How to use regular expressions do reverse search?
Asked Answered
T

4

16

For example:
My string is: 123456789 nn nn oo nn nn mlm nn203.
My target is: nn.

Then, I match string from the end to the beginning and return the first match result and its postion.
In this examlpe, the result is nn start in [-5] end in [-3].
I wrote the simple funcitonto do this process, but how to use regular expressions to do this job?

Tenerife answered 12/5, 2013 at 17:13 Comment(1)
Hm, if the search term was 'na', would you like it to match forward or reverse in the string (ie match man or name)?Anjanette
L
22

For the string itself, just do a findall and use the last one:

import re

st='123456 nn1 nn2 nn3 nn4 mlm nn5 mlm'
 
print(re.findall(r'(nn\d+)',st)[-1])

Prints nn5

You can also do the same thing using finditer which makes it easier finding the relevant indexes:

print([(m.group(),m.start(),m.end()) for m in re.finditer(r'(nn\d+)',st)][-1])

Prints ('nn5', 27, 30)


If you have a lot of matches and you only want the last, sometimes it makes sense to simply reverse the string and pattern:

m=re.search(r'(\d+nn)',st[::-1])
offset=m.start(1)
print(st[-m.start(1)-len(m.group(1)):-m.start(1)])
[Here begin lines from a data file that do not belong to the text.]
(* Let $\pi^{(d)}$ be $\tau^{(d)}$ with $d\ge6$ or $\sigma^{(d)}$ with $d\ge8$, and write $Q=Q_{\pi^{(d)}}$, $\Omega=\Omega_{\pi^{(d)}}$. Then $\{\overline{e}_\alpha\}_{\alpha\in\mathcal{A}}^{Q}=\mathrm{NS}(Q)\setminus\ker\overline{\Omega}$.
   Context: Alphabet $\mathcal{A}=\{1,\dots,d\}$; $\tau^{(d)}$ has top row $1,2,\dots,d$ and bottom row $d,d-1,\dots,6,3,2,5,4,1$; $\sigma^{(d)}$ has top row $1,\dots,d$ and bottom row $d,d-1,\dots,8,3,2,7,6,5,4,1$ (rows list letters in order of $\pi_{\mathrm t}$, $\pi_{\mathrm b}$). $(\Omega_\pi)_{\alpha\beta}=+1$ if $\pi_{\mathrm t}(\alpha)<\pi_{\mathrm t}(\beta)$ and $\pi_{\mathrm b}(\alpha)>\pi_{\mathrm b}(\beta)$, $-1$ if the reverse inequalities hold, $0$ otherwise. Bar denotes reduction mod 2; $\langle u,v\rangle=u\overline{\Omega}v^{\intercal}$ on $(\mathbb{Z}/2\mathbb{Z})^{\mathcal{A}}$ and $\ker\overline{\Omega}=\{u:\langle u,v\rangle=0\ \forall v\}$. $Q_\pi(u)=\sum_{\pi_{\mathrm t}(\alpha)<\pi_{\mathrm t}(\beta)}u_\alpha(\Omega_\pi)_{\alpha\beta}u_\beta+\sum_\alpha u_\alpha\bmod2$. $\mathrm{NS}(Q)=\{u:Q(u)=1\}$ (non-singular vectors). A set $X\subseteq\mathrm{NS}(Q)$ is $Q$-closed if $v,w\in X$ and $Q(v+w)=1$ imply $v+w\in X$; $Y^{Q}$ is the smallest $Q$-closed set containing $Y\subseteq\mathrm{NS}(Q)$. *)

theory Defs
  imports Main
begin

text \<open>Alphabet A = {1..d}. A (two-row) permutation is a pair of lists
  (top row, bottom row), each listing the letters in order of pi_t resp. pi_b.
  Positions are 0-based; only comparisons of positions matter.\<close>

type_synonym perm2 = "nat list \<times> nat list"

definition pos :: "nat list \<Rightarrow> nat \<Rightarrow> nat" where
  "pos xs a = (THE i. i < length xs \<and> xs ! i = a)"

definition pit :: "perm2 \<Rightarrow> nat \<Rightarrow> nat" where
  "pit p a = pos (fst p) a"

definition pib :: "perm2 \<Rightarrow> nat \<Rightarrow> nat" where
  "pib p a = pos (snd p) a"

definition tau :: "nat \<Rightarrow> perm2" where
  "tau d = ([1..<d+1], rev [6..<d+1] @ [3,2,5,4,1])"

definition sigma :: "nat \<Rightarrow> perm2" where
  "sigma d = ([1..<d+1], rev [8..<d+1] @ [3,2,7,6,5,4,1])"

definition Omega :: "perm2 \<Rightarrow> nat \<Rightarrow> nat \<Rightarrow> int" where
  "Omega p a b =
     (if pit p a < pit p b \<and> pib p a > pib p b then 1
      else if pit p a > pit p b \<and> pib p a < pib p b then -1 else 0)"

text \<open>Vectors in (Z/2Z)^A: boolean functions supported in {1..d}.\<close>

definition vecs :: "nat \<Rightarrow> (nat \<Rightarrow> bool) set" where
  "vecs d = {u. \<forall>a. u a \<longrightarrow> a \<in> {1..d}}"

definition vadd :: "(nat \<Rightarrow> bool) \<Rightarrow> (nat \<Rightarrow> bool) \<Rightarrow> nat \<Rightarrow> bool" where
  "vadd u v = (\<lambda>a. u a \<noteq> v a)"

definition evec :: "nat \<Rightarrow> nat \<Rightarrow> bool" where
  "evec a = (\<lambda>b. b = a)"

text \<open>The form <u,v> = u Omega-bar v^T (True means 1 mod 2).\<close>
definition form :: "nat \<Rightarrow> perm2 \<Rightarrow> (nat \<Rightarrow> bool) \<Rightarrow> (nat \<Rightarrow> bool) \<Rightarrow> bool" where
  "form d p u v =
     odd (\<Sum>a\<in>{1..d}. \<Sum>b\<in>{1..d}. of_bool (u a) * Omega p a b * of_bool (v b))"

definition kerO :: "nat \<Rightarrow> perm2 \<Rightarrow> (nat \<Rightarrow> bool) set" where
  "kerO d p = {u \<in> vecs d. \<forall>v \<in> vecs d. \<not> form d p u v}"

definition Qf :: "nat \<Rightarrow> perm2 \<Rightarrow> (nat \<Rightarrow> bool) \<Rightarrow> bool" where
  "Qf d p u =
     odd ((\<Sum>a\<in>{1..d}. \<Sum>b\<in>{1..d}.
             if pit p a < pit p b then of_bool (u a) * Omega p a b * of_bool (u b) else 0)
          + (\<Sum>a\<in>{1..d}. of_bool (u a) :: int))"

definition NS :: "nat \<Rightarrow> perm2 \<Rightarrow> (nat \<Rightarrow> bool) set" where
  "NS d p = {u \<in> vecs d. Qf d p u}"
Or, modify your pattern into something that only the last match could possible satisfy:

# since fixed width, you can use a lookbehind:
m=re.search(r'(...(?<=nn\d)(?!.*nn\d))',st)
if m: print(m.group(1))

Or, take advantage of the greediness of .* which will always return the last of multiple matches:

# .* will skip to the last match of nn\d
m=re.search(r'.*(nn\d)', st)
if m: print(m.group(1))

Any of those prints nn5

Lamarckism answered 12/5, 2013 at 17:35 Comment(3)
Here's something similar to your code that many might consider more readable: pastebin.com/J7SsXjsS (Note that search does exist after the loop is finished.)Queridas
In that link I gave, you'll get an error if you don't get any results, though (so be sure to handle it).Queridas
reversing the string was the idea I neededErythritol
P
7

First, if you're not looking for a regular expression, string.rfind is a lot easier to get right.

You can use a regular expression by using a negative lookahead, see the documentation of re:

import re
s = "123456789 nn nn oo nn nn mlm nn203"
match = re.search("(nn)(?!.*nn.*)", s)

# for your negative numbers:
print (match.start()-len(s), match.end()-len(s))
# (-5, -3)
Philologian answered 12/5, 2013 at 17:24 Comment(1)
I'd recommend the use of re.DOTALL flag here, as . (dot character), by default, doesn't include newline characters.Merrygoround
S
5

Idea:

  • find reversed regexp (in your case irrelevant) in reversed string
  • resulting indexes convert to negative numbers + switch start<->end

Example:

>>> import re
>>> s = "123456789 nn nn oo nn nn mlm nn203"
>>> m = re.search("(nn)", s[::-1])
>>> -m.end(), -m.start()
(-5, -3)
Selle answered 12/5, 2013 at 18:12 Comment(0)
M
0

In Python the answer is rfind it works not only on strings, but on bytes too!

Regexp has also two special symbols: ^ and $.

 tx = "hello .... ok"

 # ^ forces the search from beginning
 /^.*[o].*/   will find in hello

 # $ forces the search at the END 
 /.*[o].*$/   will match from ok

Hope it helps!

Mord answered 15/5 at 18:46 Comment(0)

© 2022 - 2024 — McMap. All rights reserved.